Dataset entries:
********************
lemma pi'_number_dvd: "pi'_number \<pi> n \<Longrightarrow> m dvd n \<Longrightarrow> pi'_number \<pi> m"
  unfolding pi'_number_def using dvd_trans by blast

lemma pi_number_mult: "pi_number \<pi> m \<Longrightarrow> pi_number \<pi> n \<Longrightarrow> pi_number \<pi> (m * n)"
  unfolding pi_number_def by (metis prime_dvd_mult_iff)

lemma pi'_number_if_disjoint: "pi_number \<tau> n \<Longrightarrow> \<pi> \<inter> \<tau> = {} \<Longrightarrow> pi'_number \<pi> n"
  unfolding pi_number_def pi'_number_def by blast

lemma pi_number_pi'_number_eq_1: "pi_number \<pi> n \<Longrightarrow> pi'_number \<pi> n \<Longrightarrow> n = 1"
  unfolding pi_number_def pi'_number_def using prime_factor_nat by blast

lemma coprime_pi_number_pi'_number: "pi_number \<pi> m \<Longrightarrow> pi'_number \<pi> n \<Longrightarrow> coprime m n"
  by (metis pi_number_dvd pi'_number_dvd gcd_dvd1 gcd_dvd2 pi_number_pi'_number_eq_1 coprime_iff_gcd_eq_1)

lemma pi_number_pi'_number_decomposition:
  fixes n :: nat
  assumes "n \<noteq> 0"
  obtains m1 m2 where "n = m1 * m2" "pi_number \<pi> m1" "pi'_number \<pi> m2"
proof
  let ?P = "prime_factorization n"
  have "n = prod_mset ({#p \<in># ?P. p \<in> \<pi>#} + {#p \<in># ?P. p \<notin> \<pi>#})"
    using assms by (simp add: prod_mset_prime_factorization)
  then show "n = prod_mset {#p \<in># ?P. p \<in> \<pi>#} * prod_mset {#p \<in># ?P. p \<notin> \<pi>#}"
    by (simp only: prod_mset.union)
  have factor_in_P: "p \<in># M" if "Factorial_Ring.prime p" "p dvd prod_mset M" "M \<subseteq># ?P" for p M
    using that prime_dvd_prod_mset_primes_iff[of p M] by (auto dest: mset_subset_eqD)
  show "pi_number \<pi> (prod_mset {#p \<in># ?P. p \<in> \<pi>#})"
    unfolding pi_number_def using factor_in_P[OF _ _ multiset_filter_subset] by auto
  show "pi'_number \<pi> (prod_mset {#p \<in># ?P. p \<notin> \<pi>#})"
    unfolding pi'_number_def using factor_in_P[OF _ _ multiset_filter_subset] by auto
qed
lemma card_elder_positions:
  "card {p. p < length xs \<and> (\<exists>q. p < q \<and> q < length xs \<and> f (xs ! q) < f (xs ! p))}
     = elder_count f xs"
proof (induction xs)
  case (Cons a xs)
  let ?E = "\<lambda>xs. {p. p < length xs \<and> (\<exists>q. p < q \<and> q < length xs \<and> f (xs ! q) < f (xs ! p))}"
  let ?head = "if \<exists>b\<in>set xs. f b < f a then {0::nat} else {}"
  have "?E (a # xs) = ?head \<union> Suc ` ?E xs"
  proof (intro set_eqI iffI)
    fix p assume "p \<in> ?E (a # xs)"
    then obtain q where q: "p < q" "q < Suc (length xs)" "f ((a # xs) ! q) < f ((a # xs) ! p)"
      by auto
    then obtain q' where "q = Suc q'" by (cases q) auto
    then show "p \<in> ?head \<union> Suc ` ?E xs"
      using q by (cases p) (auto simp: image_iff)
  next
    fix p assume "p \<in> ?head \<union> Suc ` ?E xs"
    then show "p \<in> ?E (a # xs)"
    proof
      assume "p \<in> ?head"
      then obtain q where "p = 0" "q < length xs" "f (xs ! q) < f a"
        by (auto simp: in_set_conv_nth split: if_splits)
      then show ?thesis by (auto intro!: exI[of _ "Suc q"])
    next
      assume "p \<in> Suc ` ?E xs"
      then show ?thesis by (force intro!: exI[of _ "Suc _"])
    qed
  qed
  then have "card (?E (a # xs)) = card ?head + card (?E xs)"
    by (simp add: card_Un_disjoint card_image)
  then show ?case using Cons by simp
qed simp
lemma inj_on_forking_util:
  assumes "distinct [a, b, c]" "inj_on g M" "i < 3"
  shows "inj_on (forking_util a b c g i) (M \<times> {1..3})"
proof (rule inj_onI, clarify)
  fix x k y l
  assume "x \<in> M" "y \<in> M" and k: "k \<in> {1..3}" and l: "l \<in> {1..3}"
    and eq: "forking_util a b c g i (x, k) = forking_util a b c g i (y, l)"
  show "x = y \<and> k = l"
  proof (cases "x \<in> {a, b, c}"; cases "y \<in> {a, b, c}")
    assume "x \<in> {a, b, c}" "y \<in> {a, b, c}"
    then obtain s t where st: "s < 3" "x = [a, b, c] ! s" "t < 3" "y = [a, b, c] ! t"
      by (metis in_abc_conv_nth)
    then have "core_util i (s, k) = core_util i (t, l)"
      using eq forking_util_nth[OF assms(1)] by metis
    then have "s = t \<and> k = l"
      using inj_onD[OF inj_on_core_util[OF assms(3)]] st k l by blast
    then show ?thesis using st by simp
  next
    assume "x \<notin> {a, b, c}" "y \<notin> {a, b, c}"
    then have "int k - 3 * int (g x) = int l - 3 * int (g y)"
      using eq by (simp add: forking_util_def)
    then have "k = l \<and> g x = g y" using k l unfolding atLeastAtMost_iff by presburger
    then show ?thesis using inj_onD[OF assms(2)] \<open>x \<in> M\<close> \<open>y \<in> M\<close> by blast
  next
    assume "x \<in> {a, b, c}" "y \<notin> {a, b, c}"
    then show ?thesis
      using eq forking_util_nonpos[of y a b c l g i] l core_util_pos[OF assms(3) _ k]
        forking_util_nth[OF assms(1)] by (metis in_abc_conv_nth atLeastAtMost_iff not_le)
  next
    assume "x \<notin> {a, b, c}" "y \<in> {a, b, c}"
    then show ?thesis
      using eq forking_util_nonpos[of x a b c k g i] k core_util_pos[OF assms(3) _ l]
        forking_util_nth[OF assms(1)] by (metis in_abc_conv_nth atLeastAtMost_iff not_le)
  qed
qed

lemma forking_util_strict_mono:
  assumes "distinct [a, b, c]" "i < 3" "1 \<le> k" "k < j" "j \<le> 3"
  shows "forking_util a b c g i (x, k) < forking_util a b c g i (x, j)"
proof (cases "x \<in> {a, b, c}")
  case True
  then show ?thesis
    using assms forking_util_nth core_util_strict_mono by (metis in_abc_conv_nth)
next
  case False
  then show ?thesis using assms(4) by (simp add: forking_util_def)
qed

lemma improving_deviation_into_abc:
  assumes "distinct [a, b, c]" "i < 3" "f i \<notin> {a, b, c}"
  shows "improving_deviation 3 (forking_util a b c g) f (f(i := a))"
proof -
  have "forking_util a b c g i (f i, comm_size 3 f i) \<le> 0"
    using forking_util_nonpos[OF assms(3)] comm_size_bounds[OF assms(2)] by blast
  also have "0 < forking_util a b c g i (a, comm_size 3 (f(i := a)) i)"
    using forking_util_nth[OF assms(1), of 0] core_util_pos[OF assms(2), of 0]
      comm_size_bounds[OF assms(2), of "f(i := a)"] by simp
  finally show ?thesis
    using assms(2,3) unfolding improving_deviation_def by auto
qed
********************
Every line above is to be transcribed exactly, with nothing missed.

Response area:
lemma pi'_number_dvd: "pi'_number \<pi> n \<Longrightarrow> m dvd n \<Longrightarrow> pi'_number \<pi> m"
  unfolding pi'_number_def using dvd_trans by blast

lemma pi_number_mult: "pi_number \<pi> m \<Longrightarrow> pi_number \<pi> n \<Longrightarrow> pi_number \<pi> (m * n)"
  unfolding pi_number_def by (metis prime_dvd_mult_iff)

lemma pi'_number_if_disjoint: "pi_number \<tau> n \<Longrightarrow> \<pi> \<inter> \<tau> = {} \<Longrightarrow> pi'_number \<pi> n"
  unfolding pi_number_def pi'_number_def by blast

lemma pi_number_pi'_number_eq_1: "pi_number \<pi> n \<Longrightarrow> pi'_number \<pi> n \<Longrightarrow> n = 1"
  unfolding pi_number_def pi'_number_def using prime_factor_nat by blast

lemma coprime_pi_number_pi'_number: "pi_number \<pi> m \<Longrightarrow> pi'_number \<pi> n \<Longrightarrow> coprime m n"
  by (metis pi_number_dvd pi'_number_dvd gcd_dvd1 gcd_dvd2 pi_number_pi'_number_eq_1 coprime_iff_gcd_eq_1)

lemma pi_number_pi'_number_decomposition:
  fixes n :: nat
  assumes "n \<noteq> 0"
  obtains m1 m2 where "n = m1 * m2" "pi_number \<pi> m1" "pi'_number \<pi> m2"
proof
  let ?P = "prime_factorization n"
  have "n = prod_mset ({#p \<in># ?P. p \<in> \<pi>#} + {#p \<in># ?P. p \<notin> \<pi>#})"
    using assms by (simp add: prod_mset_prime_factorization)
  then show "n = prod_mset {#p \<in># ?P. p \<in> \<pi>#} * prod_mset {#p \<in># ?P. p \<notin> \<pi>#}"
    by (simp only: prod_mset.union)
  have factor_in_P: "p \<in># M" if "Factorial_Ring.prime p" "p dvd prod_mset M" "M \<subseteq># ?P" for p M
    using that prime_dvd_prod_mset_primes_iff[of p M] by (auto dest: mset_subset_eqD)
  show "pi_number \<pi> (prod_mset {#p \<in># ?P. p \<in> \<pi>#})"
    unfolding pi_number_def using factor_in_P[OF _ _ multiset_filter_subset] by auto
  show "pi'_number \<pi> (prod_mset {#p \<in># ?P. p \<notin> \<pi>#})"
    unfolding pi'_number_def using factor_in_P[OF _ _ multiset_filter_subset] by auto
qed
lemma card_elder_positions:
  "card {p. p < length xs \<and> (\<exists>q. p < q \<and> q < length xs \<and> f (xs ! q) < f (xs ! p))}
     = elder_count f xs"
proof (induction xs)
  case (Cons a xs)
  let ?E = "\<lambda>xs. {p. p < length xs \<and> (\<exists>q. p < q \<and> q < length xs \<and> f (xs ! q) < f (xs ! p))}"
  let ?head = "if \<exists>b\<in>set xs. f b < f a then {0::nat} else {}"
  have "?E (a # xs) = ?head \<union> Suc ` ?E xs"
  proof (intro set_eqI iffI)
    fix p assume "p \<in> ?E (a # xs)"
    then obtain q where q: "p < q" "q < Suc (length xs)" "f ((a # xs) ! q) < f ((a # xs) ! p)"
      by auto
    then obtain q' where "q = Suc q'" by (cases q) auto
    then show "p \<in> ?head \<union> Suc ` ?E xs"
      using q by (cases p) (auto simp: image_iff)
  next
    fix p assume "p \<in> ?head \<union> Suc ` ?E xs"
    then show "p \<in> ?E (a # xs)"
    proof
      assume "p \<in> ?head"
      then obtain q where "p = 0" "q < length xs" "f (xs ! q) < f a"
        by (auto simp: in_set_conv_nth split: if_splits)
      then show ?thesis by (auto intro!: exI[of _ "Suc q"])
    next
      assume "p \<in> Suc ` ?E xs"
      then show ?thesis by (force intro!: exI[of _ "Suc _"])
    qed
  qed
  then have "card (?E (a # xs)) = card ?head + card (?E xs)"
    by (simp add: card_Un_disjoint card_image)
  then show ?case using Cons by simp
qed simp
lemma inj_on_forking_util:
  assumes "distinct [a, b, c]" "inj_on g M" "i < 3"
  shows "inj_on (forking_util a b c g i) (M \<times> {1..3})"
proof (rule inj_onI, clarify)
  fix x k y l
  assume "x \<in> M" "y \<in> M" and k: "k \<in> {1..3}" and l: "l \<in> {1..3}"
    and eq: "forking_util a b c g i (x, k) = forking_util a b c g i (y, l)"
  show "x = y \<and> k = l"
  proof (cases "x \<in> {a, b, c}"; cases "y \<in> {a, b, c}")
    assume "x \<in> {a, b, c}" "y \<in> {a, b, c}"
    then obtain s t where st: "s < 3" "x = [a, b, c] ! s" "t < 3" "y = [a, b, c] ! t"
      by (metis in_abc_conv_nth)
    then have "core_util i (s, k) = core_util i (t, l)"
      using eq forking_util_nth[OF assms(1)] by metis
    then have "s = t \<and> k = l"
      using inj_onD[OF inj_on_core_util[OF assms(3)]] st k l by blast
    then show ?thesis using st by simp
  next
    assume "x \<notin> {a, b, c}" "y \<notin> {a, b, c}"
    then have "int k - 3 * int (g x) = int l - 3 * int (g y)"
      using eq by (simp add: forking_util_def)
    then have "k = l \<and> g x = g y" using k l unfolding atLeastAtMost_iff by presburger
    then show ?thesis using inj_onD[OF assms(2)] \<open>x \<in> M\<close> \<open>y \<in> M\<close> by blast
  next
    assume "x \<in> {a, b, c}" "y \<notin> {a, b, c}"
    then show ?thesis
      using eq forking_util_nonpos[of y a b c l g i] l core_util_pos[OF assms(3) _ k]
        forking_util_nth[OF assms(1)] by (metis in_abc_conv_nth atLeastAtMost_iff not_le)
  next
    assume "x \<notin> {a, b, c}" "y \<in> {a, b, c}"
    then show ?thesis
      using eq forking_util_nonpos[of x a b c k g i] k core_util_pos[OF assms(3) _ l]
        forking_util_nth[OF assms(1)] by (metis in_abc_conv_nth atLeastAtMost_iff not_le)
  qed
qed

lemma forking_util_strict_mono:
  assumes "distinct [a, b, c]" "i < 3" "1 \<le> k" "k < j" "j \<le> 3"
  shows "forking_util a b c g i (x, k) < forking_util a b c g i (x, j)"
proof (cases "x \<in> {a, b, c}")
  case True
  then show ?thesis
    using assms forking_util_nth core_util_strict_mono by (metis in_abc_conv_nth)
next
  case False
  then show ?thesis using assms(4) by (simp add: forking_util_def)
qed

lemma improving_deviation_into_abc:
  assumes "distinct [a, b, c]" "i < 3" "f i \<notin> {a, b, c}"
  shows "improving_deviation 3 (forking_util a b c g) f (f(i := a))"
proof -
  have "forking_util a b c g i (f i, comm_size 3 f i) \<le> 0"
    using forking_util_nonpos[OF assms(3)] comm_size_bounds[OF assms(2)] by blast
  also have "0 < forking_util a b c g i (a, comm_size 3 (f(i := a)) i)"
    using forking_util_nth[OF assms(1), of 0] core_util_pos[OF assms(2), of 0]
      comm_size_bounds[OF assms(2), of "f(i := a)"] by simp
  finally show ?thesis
    using assms(2,3) unfolding improving_deviation_def by auto
qed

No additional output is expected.